## Task to carry out
Repeat the entries that appear below, exactly and in full.

⟨

lemma tau_cis: "tau a (cis \<theta>) = of_real ((1 - a) / 2 + (1 + a) / 2 * cos \<theta>) * cis \<theta>"
proof -
  have "cis \<theta> + 1 / cis \<theta> = 2 * cos \<theta>"
    by (simp add: complex_eq_iff cis_divide[of 0, simplified])
  then have "tau a (cis \<theta>) / cis \<theta> = of_real ((1 - a) / 2 + (1 + a) / 2 * cos \<theta>)"
    by (simp add: tau_div)
  then show ?thesis
    by (simp add: divide_eq_eq)
qed

lemma sigma_cis: "of_real ((1 + a) / 4) * (1 / cis \<theta> - cis \<theta>) = - \<i> * of_real ((1 + a) / 2 * sin \<theta>)"
  by (simp add: complex_eq_iff cis_divide[of 0, simplified])

lemma cnj_tau: "cnj (tau a w) = tau a (cnj w)"
  by (simp add: tau_def)

lemma holomorphic_on_tau [holomorphic_intros]:
  "f holomorphic_on S \<Longrightarrow> (\<lambda>w. tau a (f w)) holomorphic_on S"
  unfolding tau_def by (intro holomorphic_intros)

lemma tau_div_inj:
  assumes "a > 0" "w \<noteq> 0" "w' \<noteq> 0" "norm w < 1" "norm w' < 1" "tau a w / w = tau a w' / w'"
  shows "w = w'"
proof (rule joukowski_inj)
  have "complex_of_real ((1 + a) / 4) \<noteq> 0"
    unfolding of_real_eq_0_iff using assms(1) by simp
  then show "w + 1 / w = w' + 1 / w'"
    using assms(6) by (simp add: tau_div[OF assms(2)] tau_div[OF assms(3)])
qed (use assms in auto)

text \<open>\<open>Q_hom k l a w = w\<^bsup>k+l+1\<^esup> (t SS_poly t + \<sigma> CC_poly t)\<close> with \<open>t = tau a w / w\<close> and
  \<open>\<sigma> = (1+a)(1/w - w)/4\<close>, written so that it is a polynomial in \<open>w\<close>.\<close>

definition Q_hom :: "nat \<Rightarrow> nat \<Rightarrow> real \<Rightarrow> complex \<Rightarrow> complex" where
  "Q_hom k l a w =
     tau a w * chebyshev_W k (w - 2 * tau a w) w * chebyshev_W l (w + 2 * tau a w / of_real a) w
   + of_real ((1 + a) / 4) * (1 - w^2)
       * chebyshev_V k (w - 2 * tau a w) w * chebyshev_V l (w + 2 * tau a w / of_real a) w"

lemma Q_hom_eq:
  fixes a :: real and w :: complex
  assumes "w \<noteq> 0"
  defines "t \<equiv> tau a w / w"
  shows "Q_hom k l a w
    = w^(k+l+1) * (t * SS_poly k l a t + of_real ((1 + a) / 4) * (1 / w - w) * CC_poly k l a t)"
proof -
  define \<sigma> where "\<sigma> = of_real ((1 + a) / 4) * (1 / w - w)"
  have tw: "tau a w = t * w"
    using assms by simp
  have e: "w - 2 * tau a w = (1 - 2 * t) * w"
    "w + 2 * tau a w / of_real a = (1 + 2 * t / of_real a) * w"
    "of_real ((1 + a) / 4) * (1 - w^2) = \<sigma> * w"
    using assms by (simp_all add: tw \<sigma>_def algebra_simps power2_eq_square)
  have "Q_hom k l a w
    = (t * w) * (w^k * chebyshev_W k (1 - 2 * t) 1)
        * (w^l * chebyshev_W l (1 + 2 * t / of_real a) 1)
    + (\<sigma> * w) * (w^k * chebyshev_V k (1 - 2 * t) 1)
        * (w^l * chebyshev_V l (1 + 2 * t / of_real a) 1)"
    unfolding Q_hom_def e chebyshev_W_homogeneous chebyshev_V_homogeneous unfolding tw ..
  also have "\<dots> = w^(k+l+1) * (t * SS_poly k l a t + \<sigma> * CC_poly k l a t)"
    by (simp add: SS_poly_def CC_poly_def algebra_simps power_add)
  finally show ?thesis
    unfolding \<sigma>_def .
qed

lemma cnj_Q_hom: "cnj (Q_hom k l a w) = Q_hom k l a (cnj w)"
  by (simp add: Q_hom_def cnj_tau cnj_chebyshev_V cnj_chebyshev_W)

lemma holomorphic_on_Q_hom [holomorphic_intros]:
  "a \<noteq> 0 \<Longrightarrow> f holomorphic_on S \<Longrightarrow> (\<lambda>w. Q_hom k l a (f w)) holomorphic_on S"
  unfolding Q_hom_def by (intro holomorphic_intros) auto

lemma Q_hom_cis:
  fixes a \<theta> :: real
  defines "t \<equiv> (1 - a) / 2 + (1 + a) / 2 * cos \<theta>" and "p \<equiv> (1 + a) / 2 * sin \<theta>"
  shows "Q_hom k l a (cis \<theta>)
    = cis \<theta> ^ (k+l+1) * Complex (t * SS_poly k l a t) (- p * CC_poly k l a t)"
proof -
  have t: "tau a (cis \<theta>) / cis \<theta> = of_real t"
    by (simp add: tau_cis t_def)
  note \<sigma> = sigma_cis[of a \<theta>, folded p_def]
  show ?thesis
    unfolding Q_hom_eq[OF cis_neq_zero] t \<sigma>
    by (simp add: of_real_SS_poly[symmetric] of_real_CC_poly[symmetric] Complex_eq algebra_simps)
qed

⟩

## Written response
lemma tau_cis: "tau a (cis \<theta>) = of_real ((1 - a) / 2 + (1 + a) / 2 * cos \<theta>) * cis \<theta>"
proof -
  have "cis \<theta> + 1 / cis \<theta> = 2 * cos \<theta>"
    by (simp add: complex_eq_iff cis_divide[of 0, simplified])
  then have "tau a (cis \<theta>) / cis \<theta> = of_real ((1 - a) / 2 + (1 + a) / 2 * cos \<theta>)"
    by (simp add: tau_div)
  then show ?thesis
    by (simp add: divide_eq_eq)
qed

lemma sigma_cis: "of_real ((1 + a) / 4) * (1 / cis \<theta> - cis \<theta>) = - \<i> * of_real ((1 + a) / 2 * sin \<theta>)"
  by (simp add: complex_eq_iff cis_divide[of 0, simplified])

lemma cnj_tau: "cnj (tau a w) = tau a (cnj w)"
  by (simp add: tau_def)

lemma holomorphic_on_tau [holomorphic_intros]:
  "f holomorphic_on S \<Longrightarrow> (\<lambda>w. tau a (f w)) holomorphic_on S"
  unfolding tau_def by (intro holomorphic_intros)

lemma tau_div_inj:
  assumes "a > 0" "w \<noteq> 0" "w' \<noteq> 0" "norm w < 1" "norm w' < 1" "tau a w / w = tau a w' / w'"
  shows "w = w'"
proof (rule joukowski_inj)
  have "complex_of_real ((1 + a) / 4) \<noteq> 0"
    unfolding of_real_eq_0_iff using assms(1) by simp
  then show "w + 1 / w = w' + 1 / w'"
    using assms(6) by (simp add: tau_div[OF assms(2)] tau_div[OF assms(3)])
qed (use assms in auto)

text \<open>\<open>Q_hom k l a w = w\<^bsup>k+l+1\<^esup> (t SS_poly t + \<sigma> CC_poly t)\<close> with \<open>t = tau a w / w\<close> and
  \<open>\<sigma> = (1+a)(1/w - w)/4\<close>, written so that it is a polynomial in \<open>w\<close>.\<close>

definition Q_hom :: "nat \<Rightarrow> nat \<Rightarrow> real \<Rightarrow> complex \<Rightarrow> complex" where
  "Q_hom k l a w =
     tau a w * chebyshev_W k (w - 2 * tau a w) w * chebyshev_W l (w + 2 * tau a w / of_real a) w
   + of_real ((1 + a) / 4) * (1 - w^2)
       * chebyshev_V k (w - 2 * tau a w) w * chebyshev_V l (w + 2 * tau a w / of_real a) w"

lemma Q_hom_eq:
  fixes a :: real and w :: complex
  assumes "w \<noteq> 0"
  defines "t \<equiv> tau a w / w"
  shows "Q_hom k l a w
    = w^(k+l+1) * (t * SS_poly k l a t + of_real ((1 + a) / 4) * (1 / w - w) * CC_poly k l a t)"
proof -
  define \<sigma> where "\<sigma> = of_real ((1 + a) / 4) * (1 / w - w)"
  have tw: "tau a w = t * w"
    using assms by simp
  have e: "w - 2 * tau a w = (1 - 2 * t) * w"
    "w + 2 * tau a w / of_real a = (1 + 2 * t / of_real a) * w"
    "of_real ((1 + a) / 4) * (1 - w^2) = \<sigma> * w"
    using assms by (simp_all add: tw \<sigma>_def algebra_simps power2_eq_square)
  have "Q_hom k l a w
    = (t * w) * (w^k * chebyshev_W k (1 - 2 * t) 1)
        * (w^l * chebyshev_W l (1 + 2 * t / of_real a) 1)
    + (\<sigma> * w) * (w^k * chebyshev_V k (1 - 2 * t) 1)
        * (w^l * chebyshev_V l (1 + 2 * t / of_real a) 1)"
    unfolding Q_hom_def e chebyshev_W_homogeneous chebyshev_V_homogeneous unfolding tw ..
  also have "\<dots> = w^(k+l+1) * (t * SS_poly k l a t + \<sigma> * CC_poly k l a t)"
    by (simp add: SS_poly_def CC_poly_def algebra_simps power_add)
  finally show ?thesis
    unfolding \<sigma>_def .
qed

lemma cnj_Q_hom: "cnj (Q_hom k l a w) = Q_hom k l a (cnj w)"
  by (simp add: Q_hom_def cnj_tau cnj_chebyshev_V cnj_chebyshev_W)

lemma holomorphic_on_Q_hom [holomorphic_intros]:
  "a \<noteq> 0 \<Longrightarrow> f holomorphic_on S \<Longrightarrow> (\<lambda>w. Q_hom k l a (f w)) holomorphic_on S"
  unfolding Q_hom_def by (intro holomorphic_intros) auto

lemma Q_hom_cis:
  fixes a \<theta> :: real
  defines "t \<equiv> (1 - a) / 2 + (1 + a) / 2 * cos \<theta>" and "p \<equiv> (1 + a) / 2 * sin \<theta>"
  shows "Q_hom k l a (cis \<theta>)
    = cis \<theta> ^ (k+l+1) * Complex (t * SS_poly k l a t) (- p * CC_poly k l a t)"
proof -
  have t: "tau a (cis \<theta>) / cis \<theta> = of_real t"
    by (simp add: tau_cis t_def)
  note \<sigma> = sigma_cis[of a \<theta>, folded p_def]
  show ?thesis
    unfolding Q_hom_eq[OF cis_neq_zero] t \<sigma>
    by (simp add: of_real_SS_poly[symmetric] of_real_CC_poly[symmetric] Complex_eq algebra_simps)
qed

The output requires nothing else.